Hint: Photon is a discrete particle of light and travels with the velocity of light. Use this concept and apply it in the formula for energy-frequency relationship, also known as Plank’s-Einstein relation. Also use the frequency-wavelength relationship. As the options are given in terms of Planck's constant, wavelength and speed of light.

Formula used: Formula for Planck’s-Einstein relation
\[\text{E=h}\nu \]
Formula for wavelength-frequency relationship:
\[\nu \lambda =c\]

Complete step by step answer:
Photon is a discrete particle and has no mass. Light transports energy and this energy is proportional to the square of amplitude of the electric field of the light wave. This energy when it reaches the receiving end is not in continuous form but in discrete form and hence photons are discrete in nature. Thus, photons are the light particles.

There are few characteristics of photons:

A. They travel with the speed of light.
B. They are electrically neutral.
C. They are massless.
D. They can be created and even be destroyed.

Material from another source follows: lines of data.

lemma cross_mat_kernel_parallel:
  fixes k u :: "'a::field^3"
  assumes "k \<noteq> 0" "k v* cross_mat u = 0"
  obtains t where "u = t *s k"
proof -
  have e: "k$3 * u$2 = k$2 * u$3" "k$1 * u$3 = k$3 * u$1" "k$2 * u$1 = k$1 * u$2"
    using assms(2) unfolding vec_eq_iff forall_3 vector_matrix_mult_3 cross_mat_def
    by (simp_all add: algebra_simps)
  consider "k$1 \<noteq> 0" | "k$2 \<noteq> 0" | "k$3 \<noteq> 0"
    using assms(1) unfolding vec_eq_iff forall_3 by auto
  then show ?thesis
  proof cases
    case 1
    with e have "u = (u$1 / k$1) *s k"
      unfolding vec_eq_iff forall_3 by (simp add: field_simps)
    then show ?thesis
      by (rule that)
  next
    case 2
    with e have "u = (u$2 / k$2) *s k"
      unfolding vec_eq_iff forall_3 by (simp add: field_simps)
    then show ?thesis
      by (rule that)
  next
    case 3
    with e have "u = (u$3 / k$3) *s k"
      unfolding vec_eq_iff forall_3 by (simp add: field_simps)
    then show ?thesis
      by (rule that)
  qed
qed

lemma alternating_3_kernel:
  fixes K :: "'a::comm_ring_1^3^3"
  assumes "alternating K" "K \<noteq> 0"
  obtains k where "k \<noteq> 0" "k v* K = 0"
proof -
  obtain k where K: "K = cross_mat k"
    using alternating_3_cross_mat[OF assms(1)] by blast
  show ?thesis
  proof (rule that)
    show "k \<noteq> 0"
      using assms(2) by (simp add: K cross_mat_eq_0_iff)
    show "k v* K = 0"
      unfolding K by (rule cross_mat_kernel)
  qed
qed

Planck-Einstein relation determines the relation between the energy of each packet also known as quanta of light, the frequency of light and Planck's constant. The following relation holds:
\[\text{E=h}\nu \]… (1)
Where, E is the energy of each quanta, measured in Joules; \[\nu \] is the frequency, measured in Hertz; c is the velocity of light; h is called as Planck’s constant whose value is \[h=\text{ }6.626\text{ }\times \text{ }{{10}^{-34}}\text{ }Js\] .
If λ is the wavelength of light wave, we know the relationship of wavelength with frequency:
\[\nu \lambda =c\] .
Therefore equation (1) becomes:
\[\text{E=}\dfrac{\text{hc}}{\lambda }\]
From this photon energy equation, we can infer that the energy of a photon is always inversely related to the wavelength of the wave. Hence, the shorter the wavelength, the more the energy of the photon particle and if the wavelength of wave is longer, then the photon energy is higher.
Therefore, the correct answer is option B.

Note: This question can be analysed by dimensional analysis as well. That is if the dimensions, or even units of the quantities are known, the option with the dimension matching the quantity in the question is correct. For example, the unit of h is Js, $\lambda $ is m and c is m/s. Only option C. gives the units as J (Joules).